Low Regularity and Long Time Dynamics in Nonlinear Dispersive Flows

非线性弥散流中的低规律性和长时间动态

• 批准号: 2348908
• 负责人: Mihaela Ifrim
• 金额: $ 34.34万
• 依托单位: University of Wisconsin-Madison
• 依托单位国家: 美国
• 项目类别: Standard Grant
• 财政年份: 2024
• 资助国家: 美国
• 起止时间: 2024-08-01 至 2027-07-31
• 项目状态: 未结题
• 来源: https://www.nsf.gov/awardsearch/showAward?AWD_ID=2348908&HistoricalAwards=false
• 关键词: Low; Regularity; Long; Time; Dynamics

The primary objective of this project is to examine solutions to a broad class of equations that can be described as nonlinear waves.
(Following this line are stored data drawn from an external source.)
(* Let $X\subseteq[0,1]^n$ be closed and suppose $X$ has a rationally outgoing $k$-tangent $u$ at $x$, witnessed by a rational simplex $S\subseteq[0,1]^n$, a face $F$ of $S$ and $\lambda\in\mathbb{R}^k_{>0}$ with $C_{x,u,\lambda}\subseteq S$, $C_{x,u,\lambda}\not\subseteq F$, $F\cap X=S\cap X$. Let $f,g\in\mathcal{M}([0,1]^n)$ satisfy $f^{-1}(0)=F$ and $g^{-1}(0)=S$. Then $f|_X$ and $g|_X$ have the same zero set in $X$ (so $f|_X$ lies in a given maximal ideal of $\mathcal{M}(X)$ iff $g|_X$ does), but $f|_X$ does not belong to the principal ideal of $\mathcal{M}(X)$ generated by $g|_X$; i.e., there is no integer $m>0$ with $f|_X\le m\,g|_X$. Consequently $\mathcal{M}(X)$ is not strongly semisimple.
   Context: $\mathcal{M}([0,1]^n)$ denotes the MV-algebra of continuous functions $[0,1]^n\to[0,1]$ that are piecewise affine linear with finitely many pieces having integer coefficients, with pointwise MV-operations; $\mathcal{M}(X)$ is the MV-algebra of their restrictions to $X$. The principal ideal generated by $a$ is $\{b\mid b\le ma\text{ for some integer }m>0\}$ ($ma$ is the $m$-fold truncated sum). Maximal ideals of $\mathcal{M}(X)$ are exactly $\{h\mid h(y)=0\}$, $y\in X$. Strong semisimplicity: every principal ideal is an intersection of maximal ideals. $k$-tangents: For pairwise orthogonal unit vectors $u=(u_1,\ldots,u_k)$ in $\mathbb{R}^n$, $\mathsf p_l$ the orthogonal projection onto $\mathbb{R}u_1+\cdots+\mathbb{R}u_l$ ($\mathsf p_0=0$), $u$ is a $k$-tangent of $X$ at $x$ if there is a sequence $x_i\in X$, $x_i\to x$, with $x_i-x\notin\mathbb{R}u_1+\cdots+\mathbb{R}u_k$, and $\lim_i \dfrac{x_i-x-\mathsf{p}_{l-1}(x_i-x)}{\|x_i-x-\mathsf{p}_{l-1}(x_i-x)\|}=u_l$ for $l=1,\ldots,k$. $C_{x,u,\lambda}=\mathrm{conv}(x,\,x+\lambda_1u_1,\,\ldots,\,x+\lambda_1u_1+\cdots+\lambda_ku_k)$. Rationally outgoing: there exist a rational simplex $S$, a face $F$ of $S$, and $\lambda\in\mathbb{R}^k_{>0}$ with $C_{x,u,\lambda}\subseteq S$, $C_{x,u,\lambda}\not\subseteq F$, $F\cap X=S\cap X$. *)

theory Defs
  imports "HOL-Analysis.Analysis"
begin

definition unit_cube :: "(real^'n) set" where
  "unit_cube = cbox 0 1"

definition mcnaughton :: "(real^'n \<Rightarrow> real) \<Rightarrow> bool" where
  "mcnaughton f \<longleftrightarrow>
     continuous_on unit_cube f \<and> f ` unit_cube \<subseteq> {0..1} \<and>
     (\<exists>P :: ((real^'n) \<times> real) set. finite P \<and>
        (\<forall>(a,b)\<in>P. (\<forall>i. a $ i \<in> \<int>) \<and> b \<in> \<int>) \<and>
        (\<forall>y\<in>unit_cube. \<exists>(a,b)\<in>P. f y = a \<bullet> y + b))"

definition restr :: "(real^'n) set \<Rightarrow> (real^'n \<Rightarrow> real) \<Rightarrow> (real^'n \<Rightarrow> real)" where
  "restr X f = (\<lambda>y. if y \<in> X then f y else 0)"

definition MX :: "(real^'n) set \<Rightarrow> (real^'n \<Rightarrow> real) set" where
  "MX X = {restr X f | f. mcnaughton f}"

definition mv_oplus :: "('a \<Rightarrow> real) \<Rightarrow> ('a \<Rightarrow> real) \<Rightarrow> ('a \<Rightarrow> real)" where
  "mv_oplus a b = (\<lambda>y. min 1 (a y + b y))"

fun mv_mult :: "nat \<Rightarrow> ('a \<Rightarrow> real) \<Rightarrow> ('a \<Rightarrow> real)" where
  "mv_mult 0 a = (\<lambda>y. 0)"
| "mv_mult (Suc m) a = mv_oplus a (mv_mult m a)"

definition mv_ideal :: "(real^'n) set \<Rightarrow> (real^'n \<Rightarrow> real) set \<Rightarrow> bool" where
  "mv_ideal X I \<longleftrightarrow> I \<subseteq> MX X \<and> (\<lambda>y. 0) \<in> I \<and>
     (\<forall>a\<in>I. \<forall>b\<in>MX X. (\<forall>y\<in>X. b y \<le> a y) \<longrightarrow> b \<in> I) \<and>
     (\<forall>a\<in>I. \<forall>b\<in>I. mv_oplus a b \<in> I)"

definition maximal_mv_ideal :: "(real^'n) set \<Rightarrow> (real^'n \<Rightarrow> real) set \<Rightarrow> bool" where
  "maximal_mv_ideal X I \<longleftrightarrow> mv_ideal X I \<and> I \<noteq> MX X \<and>
     (\<forall>J. mv_ideal X J \<and> I \<subseteq> J \<longrightarrow> J = I \<or> J = MX X)"

definition principal_ideal :: "(real^'n) set \<Rightarrow> (real^'n \<Rightarrow> real) \<Rightarrow> (real^'n \<Rightarrow> real) set" where
  "principal_ideal X a = {b \<in> MX X. \<exists>m>0. \<forall>y\<in>X. b y \<le> mv_mult m a y}"

text \<open>Strong semisimplicity: every principal ideal is an intersection of maximal ideals
  (the intersection is taken inside M(X), so the empty family gives M(X)).\<close>
definition strongly_semisimple :: "(real^'n) set \<Rightarrow> bool" where
  "strongly_semisimple X \<longleftrightarrow>
     (\<forall>a\<in>MX X. \<exists>\<M>. (\<forall>J\<in>\<M>. maximal_mv_ideal X J) \<and>
        principal_ideal X a = MX X \<inter> \<Inter>\<M>)"

definition rational_simplex :: "(real^'n) set \<Rightarrow> bool" where
  "rational_simplex S \<longleftrightarrow> (\<exists>V. finite V \<and> V \<noteq> {} \<and> \<not> affine_dependent V \<and>
     (\<forall>v\<in>V. \<forall>i. v $ i \<in> \<rat>) \<and> S = convex hull V)"

definition proj_l :: "(nat \<Rightarrow> real^'n) \<Rightarrow> nat \<Rightarrow> real^'n \<Rightarrow> real^'n" where
  "proj_l u l v = (\<Sum>j=1..l. (v \<bullet> u j) *\<^sub>R u j)"

definition orthonormal_family :: "nat \<Rightarrow> (nat \<Rightarrow> real^'n) \<Rightarrow> bool" where
  "orthonormal_family k u \<longleftrightarrow> (\<forall>l\<in>{1..k}. norm (u l) = 1) \<and>
     (\<forall>l\<in>{1..k}. \<forall>l'\<in>{1..k}. l \<noteq> l' \<longrightarrow> u l \<bullet> u l' = 0)"

definition k_tangent :: "(real^'n) set \<Rightarrow> real^'n \<Rightarrow> nat \<Rightarrow> (nat \<Rightarrow> real^'n) \<Rightarrow> bool" where
  "k_tangent X x k u \<longleftrightarrow> orthonormal_family k u \<and>
     (\<exists>xs :: nat \<Rightarrow> real^'n. (\<forall>i. xs i \<in> X) \<and> xs \<longlonglongrightarrow> x \<and>
        (\<forall>i. xs i - x \<notin> span (u ` {1..k})) \<and>
        (\<forall>l\<in>{1..k}. (\<lambda>i. (1 / norm (xs i - x - proj_l u (l - 1) (xs i - x))) *\<^sub>R
                            (xs i - x - proj_l u (l - 1) (xs i - x))) \<longlonglongrightarrow> u l))"

definition Ccone :: "real^'n \<Rightarrow> nat \<Rightarrow> (nat \<Rightarrow> real^'n) \<Rightarrow> (nat \<Rightarrow> real) \<Rightarrow> (real^'n) set" where
  "Ccone x k u lam = convex hull {x + (\<Sum>j=1..l. lam j *\<^sub>R u j) | l. l \<le> k}"

end

theory Submission
  imports Defs
begin

text \<open>Write the points of the tangent sequence \<open>x\<^sub>i \<rightarrow> x\<close> as \<open>x\<^sub>i = c\<^sub>i + r\<^sub>i\<close>, where \<open>c\<^sub>i\<close> is the
  foot of \<open>x\<^sub>i\<close> on \<open>x + span u\<close>. The tangent conditions make the coordinates \<open>\<alpha>\<^sub>l\<close> of \<open>c\<^sub>i - x\<close>
  positive, of strictly decreasing orders of magnitude, and all of larger order than \<open>\<bar>r\<^sub>i\<bar>\<close>.
  Hence \<open>c\<^sub>i\<close> eventually lies in the relative interior of \<open>C\<^sub>x\<^sub>,\<^sub>u\<^sub>,\<^sub>\<lambda>\<close>, so in \<open>S\<close> but not in the
  face \<open>F\<close>: \<open>g(c\<^sub>i) = 0 < f(c\<^sub>i)\<close>. Along a subsequence \<open>f\<close> is one linear piece vanishing at \<open>x\<close>,
  so \<open>f(c\<^sub>i)\<close> is a combination of the \<open>\<alpha>\<^sub>l\<close> whose leading nonzero term has exact order \<open>\<alpha>\<^sub>l\<close>.
  Since \<open>f\<close> and \<open>g\<close> are Lipschitz, \<open>f(x\<^sub>i) \<ge> f(c\<^sub>i) - O(\<bar>r\<^sub>i\<bar>)\<close> and \<open>g(x\<^sub>i) = O(\<bar>r\<^sub>i\<bar>)\<close>, so
  \<open>f(x\<^sub>i) > m g(x\<^sub>i)\<close> for large \<open>i\<close>. On the other hand \<open>f\<close> and \<open>g\<close> have the same zeros on the
  compact set \<open>X\<close>, so every maximal ideal containing \<open>g|\<^sub>X\<close> contains \<open>f|\<^sub>X\<close>.\<close>

section \<open>McNaughton functions and the algebra \<open>M(X)\<close>\<close>

lemma mv_mult_nonneg:
  assumes "0 \<le> h y"
  shows "mv_mult m h y = min 1 (real m * h y)"
  using assms by (induction m) (auto simp: mv_oplus_def algebra_simps min_def)

lemma mv_ideal_mv_mult:
  assumes "mv_ideal X J" "a \<in> J"
  shows "mv_mult m a \<in> J"
  using assms by (induction m) (auto simp: mv_ideal_def)

lemma mcnaughton_range: "mcnaughton f \<Longrightarrow> y \<in> unit_cube \<Longrightarrow> 0 \<le> f y \<and> f y \<le> 1"
  unfolding mcnaughton_def by auto

lemma mcnaughton_const: "c \<in> \<int> \<Longrightarrow> 0 \<le> c \<Longrightarrow> c \<le> 1 \<Longrightarrow> mcnaughton (\<lambda>y. c)"
  unfolding mcnaughton_def
  by (intro conjI continuous_intros exI[of _ "{(0,c)}"]) auto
These mathematical equations model a wide range of physical phenomena arising in fluid dynamics (oceanography), quantum mechanics, plasma physics, nonlinear optics, and general relativity. The equations being studied range from semilinear to fully nonlinear, and from local to nonlocal equations, and we aim to investigate them in an optimal fashion both locally and globally in time. This research develops and connects ideas and methods in partial differential equations, and in some cases also draws a clear path towards other problems in fields such as geometry, harmonic analysis, complex analysis, and microlocal analysis. The project provides research training opportunities for graduate students.The strength of the nonlinear wave interactions is the common feature in the models considered in this proposal, and it significantly impacts both their short-time and their long-time behavior. The project addresses a series of very interesting questions concerning several classes of nonlinear dispersive equations: (i) short-time existence theory in a low regularity setting; (ii) breakdown of waves, and here a particular class of equations is provided by the water wave models; and (iii) long-time persistence and/or dispersion and decay of waves, which would involve either a qualitative aspect attached to it, that is, an asymptotic description of the nonlinear solution, or a quantitative description of it, for instance nontraditional scattering statements providing global in time dispersive bounds. All of this also depends strongly on the initial data properties, such as size, regularity and localization.This award reflects NSF's statutory mission and has been deemed worthy of support through evaluation using the Foundation's intellectual merit and broader impacts review criteria.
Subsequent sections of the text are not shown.